I finalize reports that need to pass the basic 508 requirement (not for the web).

With these reports, I usually have to insert a scanned signature page (scanned by various people using various scanning equipment), and then OCR it so that I can apply tags. The signature page is prepared with a wet (not digital) signature. Most of the time after applying OCR, the signatures get tagged as figures with a description that they are approvals/signatures. No problem. No issues.

Some reports are required to have a Quality Control (QC) statement. These are usually sent as a digital Adobe Signed document that are made accessible after applying OCR.

Included in the reports are appendices of various documents (shipping docs, invoices, data sheets, other reports, etc.) that have to be scanned, OCRd, and made accessible. Sometimes these documents are sent electronically as pictures but then have to be OCRd to make accessible. All important information is tagged as text and not figures.

For some reason, Acrobat is frequently creating character encoding errors after the OCR or applying tags to the digitally signed QC statements. The majority of character encoding errors are with the signatures of the scanned pages.

In the past this happened occasionally with math equations or scientific formulas created in MS Word (Word to PDF), but now it's happening a lot! with signatures and other items.

I've tried all sorts of things: saving as a picture then back to a PDF to tag it; save as a PDF; save to a PDF using the PDF printer driver; popping it into Adobe Illustrator and back to a PDF. I tried using the preflight tool. I looked at fonts installed on my system. I can't even remember all of the things I have tried.

(I do not have Adobe PhotoShop.)

In many cases, the source document is the document being used and has to be OCRd.

The important question is Why all of the character encoding errors now when using Acrobat's OCR feature?

Thank you for any help or direction.

Standards and accessibility

E

Enthusiastic_Rocket1587Author

Participating Frequently

Have there been any updates on this issue, or issue with encoding errors?

I'm trying to 508 a data sheet with wet signatures that was scanned.
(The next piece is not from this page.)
(* Fix $x_0\in\mathbb{R}^{n_x}$. There exist a finite positive constant $\alpha_1'(x_0)$ and, for each $i\in\{2,\dots,T+1\}$, a finite set $\mathcal{K}_i'$ of sequences of non-negative integers of length $i-1$ and finite positive constants $\alpha_i'^{(j_1,\dots,j_{i-1})}(x_0)$ (depending on $x_0$ and $(j_1,\dots,j_{i-1})$ but not on the observations or the control) such that for every $u\in U$ and every $(y_1,\dots,y_T)$, the trajectory $x$ of the hybrid system starting at $x_0$ satisfies: $|c(x_1(t),u(t))|\le\alpha_1'(x_0)$ for all $t\in[0,1]$; for all $i\in\{2,\dots,T\}$ and $t\in[i-1,i]$, $$|c(x_i(t),u(t))|\le\sum_{(j_1,\dots,j_{i-1})\in\mathcal{K}_i'}\alpha_i'^{(j_1,\dots,j_{i-1})}(x_0)\prod_{m=1}^{i-1}\|y_m\|_2^{j_m};$$ and $$|h(x(T))|\le\sum_{(j_1,\dots,j_T)\in\mathcal{K}_{T+1}'}\alpha_{T+1}'^{(j_1,\dots,j_T)}(x_0)\prod_{m=1}^{T}\|y_m\|_2^{j_m}.$$
   Context: Fix positive integers $T,m,n_x,n_y$ and $\rho_{\max}\in(0,\infty)$; $B(0,\rho_{\max})$ is the closed Euclidean ball of radius $\rho_{\max}$ in $\mathbb{R}^m$; $U$ is the set of piecewise continuous $u:[0,T]\to\mathbb{R}^m$ with $\|u(t)\|_2\le\rho_{\max}$ for all $t$. $f:\mathbb{R}^{n_x}\times\mathbb{R}^m\to\mathbb{R}^{n_x}$ is continuously differentiable and there is $K_1\in[1,\infty)$ with $\|f(x',u')-f(x'',u'')\|_2\le K_1(\|x'-x''\|_2+\|u'-u''\|_2)$ for all $x',x''$ and $u',u''\in B(0,\rho_{\max})$. $g:\mathbb{R}^{n_x}\times\mathbb{R}^{n_y}\to\mathbb{R}^{n_x}$ is continuous and differentiable in its first argument, and there are $K_2,\dots,K_5\ge0$ and positive integers $L_1,L_2$ such that for all $x,y$ both $\|g(x,y)\|_2$ and $\|\frac{\partial}{\partial x}g(x,y)\|_2$ are at most $K_2+K_3\|x\|_2^{L_1}+K_4\|y\|_2^{L_2}+K_5\|x\|_2^{L_1}\|y\|_2^{L_2}$. The hybrid system: $x_1$ on $[0,1]$ solves $\dot x_1=f(x_1,u)$, $x_1(0)=x_0$; for $i=2,\dots,T$, $x_i$ on $[i-1,i]$ solves $\dot x_i=f(x_i,u)$ with $x_i(i-1)=g(x_{i-1}(i-1),y_{i-1})$; $x(t)=x_i(t)$ for $t\in[i-1,i)$, and $x(T)=g(x_T(T),y_T)$. Costs: $c:\mathbb{R}^{n_x}\times\mathbb{R}^m\to\mathbb{R}$ is continuous and continuously differentiable in $x$, $h:\mathbb{R}^{n_x}\to\mathbb{R}$ is differentiable, and there are $K_6,K_7\ge0$ and a positive integer $L_3$ such that $|c(x,u)|$, $\|\frac{\partial}{\partial x}c(x,u)\|_2$, $|h(x)|$, $\|\frac{\partial}{\partial x}h(x)\|_2$ are all at most $K_6+K_7\|x\|_2^{L_3}$ for all $x$ and $u\in B(0,\rho_{\max})$. *)

theory Defs
  imports "HOL-Analysis.Analysis"
begin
The company logo symbol, the chemical structure, and other items are generating encoding errors. I've tried editing the Acrobat file to make sure it is using fonts Arial or TNR. So frustrating. Acrobat Versions below.

AnandSri

Legend

Hello,

I hope you're doing well, and we apologize for the delayed response and the trouble.

Please ensure you have the latest version of Acrobat installed on the machine: 24.005.20421 Optional update, Feb 24, 2025. Check for any pending updates from the Menu > help > check for updates, install the updates. Reboot the machine and check.

If the issue persists, could you please share the file with us and the logs from the machine for further investigation?

Thanks,

Anand Sri.

Bevi Chagnon - PubCom.com

Legend

Some background info...

The accessibility checkers are constantly being updated and, consequently, are finding more errors with our PDFs.

Which checker did you use? The accessibility checker built in Acrobat? Or a third-party checker like PAC or CommonLook? If so, which version of the checker?

Character encoding errors are usually caused by one of these situations:

The font used in the PDF is not available on your computer, so some glyphs might be missing (shown by blank spaces, dots, white boxes, white boxes with an x, or an incorrect character).
A symbol or punctuation was used from a non-Unicode font, such as an old TrueType or PostScript type 1 font, and that symbol isn't recognized by assistive technologies. A common instance of this is when the bullet character is used from an old TrueType Symbol font. Since the font isn't Unicode, the bullet glyph uses Symbol #183 — which is not a Unicode bullet (U+2022) and causes a character encoding error.
(Note that the Symbol font installed with Windows and MS Office is being updated by Microsoft; for decades the default Symbol font has been a TrueType non-Unicode version, but recent updates to Windows are replacing it with an OpenType/Unicode version. Yea! Hopefully this will reduce some of the encoding errors when people make bulleted lists in MS Word — they'll actually get the Unicode 2022 bullet glyph.)

I'm concerned that this is happening to OCR'd content. The original scan doesn't have any fonts at all because it's graphical text (printed or scanned in). The OCR of the scan uses Adobe's default built-in fonts to create the invisible OCR text (the live OCR'd text is hidden and we see only the original printed/scanned text, but assistive technologies access the live hidden text.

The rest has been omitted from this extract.